__PROMPT__: Within the data that follows, set down exactly the lines from the one containing "A \<and> (X" through the one containing "b. set_integrable lborel", both ends included.

Stored data
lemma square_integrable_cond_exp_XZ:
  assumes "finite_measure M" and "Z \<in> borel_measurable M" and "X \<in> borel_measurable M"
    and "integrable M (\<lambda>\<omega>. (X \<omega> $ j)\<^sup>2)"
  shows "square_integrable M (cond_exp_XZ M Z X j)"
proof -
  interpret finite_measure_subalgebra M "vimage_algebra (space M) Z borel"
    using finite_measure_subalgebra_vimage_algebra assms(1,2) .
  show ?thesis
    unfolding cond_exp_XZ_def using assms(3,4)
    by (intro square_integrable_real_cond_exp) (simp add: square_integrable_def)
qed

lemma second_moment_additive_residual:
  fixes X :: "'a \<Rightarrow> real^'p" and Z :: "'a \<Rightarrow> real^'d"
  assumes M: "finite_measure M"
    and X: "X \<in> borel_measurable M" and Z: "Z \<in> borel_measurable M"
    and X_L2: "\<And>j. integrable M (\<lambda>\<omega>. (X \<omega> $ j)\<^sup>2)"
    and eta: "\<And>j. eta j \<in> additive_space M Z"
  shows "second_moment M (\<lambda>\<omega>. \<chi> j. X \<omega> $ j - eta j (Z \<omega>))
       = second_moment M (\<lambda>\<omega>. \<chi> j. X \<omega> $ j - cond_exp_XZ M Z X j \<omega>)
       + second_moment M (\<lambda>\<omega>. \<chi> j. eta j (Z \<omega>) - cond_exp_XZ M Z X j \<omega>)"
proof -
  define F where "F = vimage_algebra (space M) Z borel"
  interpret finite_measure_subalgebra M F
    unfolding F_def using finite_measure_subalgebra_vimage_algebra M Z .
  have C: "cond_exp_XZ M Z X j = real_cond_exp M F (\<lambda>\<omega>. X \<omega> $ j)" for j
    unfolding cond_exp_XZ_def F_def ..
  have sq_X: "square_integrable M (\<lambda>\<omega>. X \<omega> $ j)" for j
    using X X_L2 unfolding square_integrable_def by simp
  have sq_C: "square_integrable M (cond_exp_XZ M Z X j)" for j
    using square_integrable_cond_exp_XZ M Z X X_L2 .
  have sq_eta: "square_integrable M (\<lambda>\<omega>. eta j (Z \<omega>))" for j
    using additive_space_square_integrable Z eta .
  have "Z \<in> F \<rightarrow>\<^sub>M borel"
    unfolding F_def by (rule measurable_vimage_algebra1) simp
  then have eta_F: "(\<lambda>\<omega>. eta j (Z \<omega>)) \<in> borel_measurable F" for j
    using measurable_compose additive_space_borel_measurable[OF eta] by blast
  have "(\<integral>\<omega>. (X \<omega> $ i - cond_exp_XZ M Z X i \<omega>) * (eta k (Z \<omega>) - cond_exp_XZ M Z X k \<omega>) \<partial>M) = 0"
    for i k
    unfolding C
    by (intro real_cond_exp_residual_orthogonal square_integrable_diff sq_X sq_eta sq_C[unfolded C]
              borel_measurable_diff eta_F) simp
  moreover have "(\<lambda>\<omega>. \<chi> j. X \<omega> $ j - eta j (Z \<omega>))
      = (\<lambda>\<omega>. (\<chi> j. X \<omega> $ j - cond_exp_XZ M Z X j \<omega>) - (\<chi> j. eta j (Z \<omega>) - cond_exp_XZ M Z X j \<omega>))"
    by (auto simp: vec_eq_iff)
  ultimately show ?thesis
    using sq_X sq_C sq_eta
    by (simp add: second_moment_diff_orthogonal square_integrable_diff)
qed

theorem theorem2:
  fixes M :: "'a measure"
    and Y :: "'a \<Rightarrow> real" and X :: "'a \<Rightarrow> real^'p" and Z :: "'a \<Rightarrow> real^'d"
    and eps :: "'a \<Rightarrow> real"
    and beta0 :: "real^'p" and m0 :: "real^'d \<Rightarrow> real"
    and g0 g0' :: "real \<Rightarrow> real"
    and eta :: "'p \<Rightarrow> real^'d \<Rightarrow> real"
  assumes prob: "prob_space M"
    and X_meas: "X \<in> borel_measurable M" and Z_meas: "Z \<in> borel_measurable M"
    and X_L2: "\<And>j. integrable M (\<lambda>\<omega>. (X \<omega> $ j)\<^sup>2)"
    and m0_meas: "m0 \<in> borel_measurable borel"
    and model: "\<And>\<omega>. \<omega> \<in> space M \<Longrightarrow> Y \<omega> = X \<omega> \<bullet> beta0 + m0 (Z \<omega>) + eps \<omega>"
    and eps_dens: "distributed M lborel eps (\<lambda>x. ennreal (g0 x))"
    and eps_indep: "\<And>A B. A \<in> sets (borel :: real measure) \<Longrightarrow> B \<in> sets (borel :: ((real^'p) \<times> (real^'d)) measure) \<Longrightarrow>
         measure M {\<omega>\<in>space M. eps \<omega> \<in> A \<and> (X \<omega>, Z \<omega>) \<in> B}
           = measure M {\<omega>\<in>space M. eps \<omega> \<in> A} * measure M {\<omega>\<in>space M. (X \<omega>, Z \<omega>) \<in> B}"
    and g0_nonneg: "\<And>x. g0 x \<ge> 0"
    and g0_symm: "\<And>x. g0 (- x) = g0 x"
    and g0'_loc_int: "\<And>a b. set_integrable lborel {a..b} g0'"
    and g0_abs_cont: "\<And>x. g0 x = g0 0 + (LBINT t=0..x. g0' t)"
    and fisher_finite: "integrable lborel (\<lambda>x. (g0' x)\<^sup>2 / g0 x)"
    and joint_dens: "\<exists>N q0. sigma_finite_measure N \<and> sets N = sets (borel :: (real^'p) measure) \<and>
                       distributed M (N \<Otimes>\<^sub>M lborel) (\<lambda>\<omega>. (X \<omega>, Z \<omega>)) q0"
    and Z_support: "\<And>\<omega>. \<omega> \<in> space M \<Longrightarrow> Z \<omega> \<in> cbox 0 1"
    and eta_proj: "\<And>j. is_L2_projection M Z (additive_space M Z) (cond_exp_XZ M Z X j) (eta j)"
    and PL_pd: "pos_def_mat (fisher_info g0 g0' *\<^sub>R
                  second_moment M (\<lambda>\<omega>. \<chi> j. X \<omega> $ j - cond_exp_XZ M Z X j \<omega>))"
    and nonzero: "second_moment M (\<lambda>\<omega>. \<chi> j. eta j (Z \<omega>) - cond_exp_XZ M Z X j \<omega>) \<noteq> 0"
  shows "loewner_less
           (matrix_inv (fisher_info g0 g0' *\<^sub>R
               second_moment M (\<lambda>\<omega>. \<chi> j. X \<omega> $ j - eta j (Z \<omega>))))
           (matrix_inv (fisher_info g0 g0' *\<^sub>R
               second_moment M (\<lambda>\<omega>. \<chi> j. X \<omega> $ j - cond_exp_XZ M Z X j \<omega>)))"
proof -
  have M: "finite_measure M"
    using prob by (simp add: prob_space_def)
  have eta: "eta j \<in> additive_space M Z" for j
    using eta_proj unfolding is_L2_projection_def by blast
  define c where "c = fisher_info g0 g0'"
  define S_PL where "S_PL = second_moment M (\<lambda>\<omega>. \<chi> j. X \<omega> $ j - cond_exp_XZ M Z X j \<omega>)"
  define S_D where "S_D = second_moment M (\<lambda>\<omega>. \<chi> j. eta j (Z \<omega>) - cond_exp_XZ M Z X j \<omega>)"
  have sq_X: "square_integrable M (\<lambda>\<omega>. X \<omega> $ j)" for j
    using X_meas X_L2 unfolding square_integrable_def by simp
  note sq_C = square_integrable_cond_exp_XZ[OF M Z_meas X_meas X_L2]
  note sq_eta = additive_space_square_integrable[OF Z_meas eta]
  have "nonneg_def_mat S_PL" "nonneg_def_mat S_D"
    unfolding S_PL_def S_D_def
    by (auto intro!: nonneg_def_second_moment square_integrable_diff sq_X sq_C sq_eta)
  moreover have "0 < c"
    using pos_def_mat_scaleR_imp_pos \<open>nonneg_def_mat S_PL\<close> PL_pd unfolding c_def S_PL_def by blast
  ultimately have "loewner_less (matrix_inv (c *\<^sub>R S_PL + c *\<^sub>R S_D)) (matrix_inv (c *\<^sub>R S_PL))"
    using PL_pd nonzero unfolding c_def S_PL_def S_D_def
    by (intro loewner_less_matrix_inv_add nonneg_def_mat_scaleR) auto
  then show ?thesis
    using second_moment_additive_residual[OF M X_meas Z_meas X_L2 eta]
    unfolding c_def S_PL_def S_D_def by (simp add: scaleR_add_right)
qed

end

__RESULT OF THE TASK__:
         measure M {\<omega>\<in>space M. eps \<omega> \<in> A \<and> (X \<omega>, Z \<omega>) \<in> B}
           = measure M {\<omega>\<in>space M. eps \<omega> \<in> A} * measure M {\<omega>\<in>space M. (X \<omega>, Z \<omega>) \<in> B}"
    and g0_nonneg: "\<And>x. g0 x \<ge> 0"
    and g0_symm: "\<And>x. g0 (- x) = g0 x"
    and g0'_loc_int: "\<And>a b. set_integrable lborel {a..b} g0'"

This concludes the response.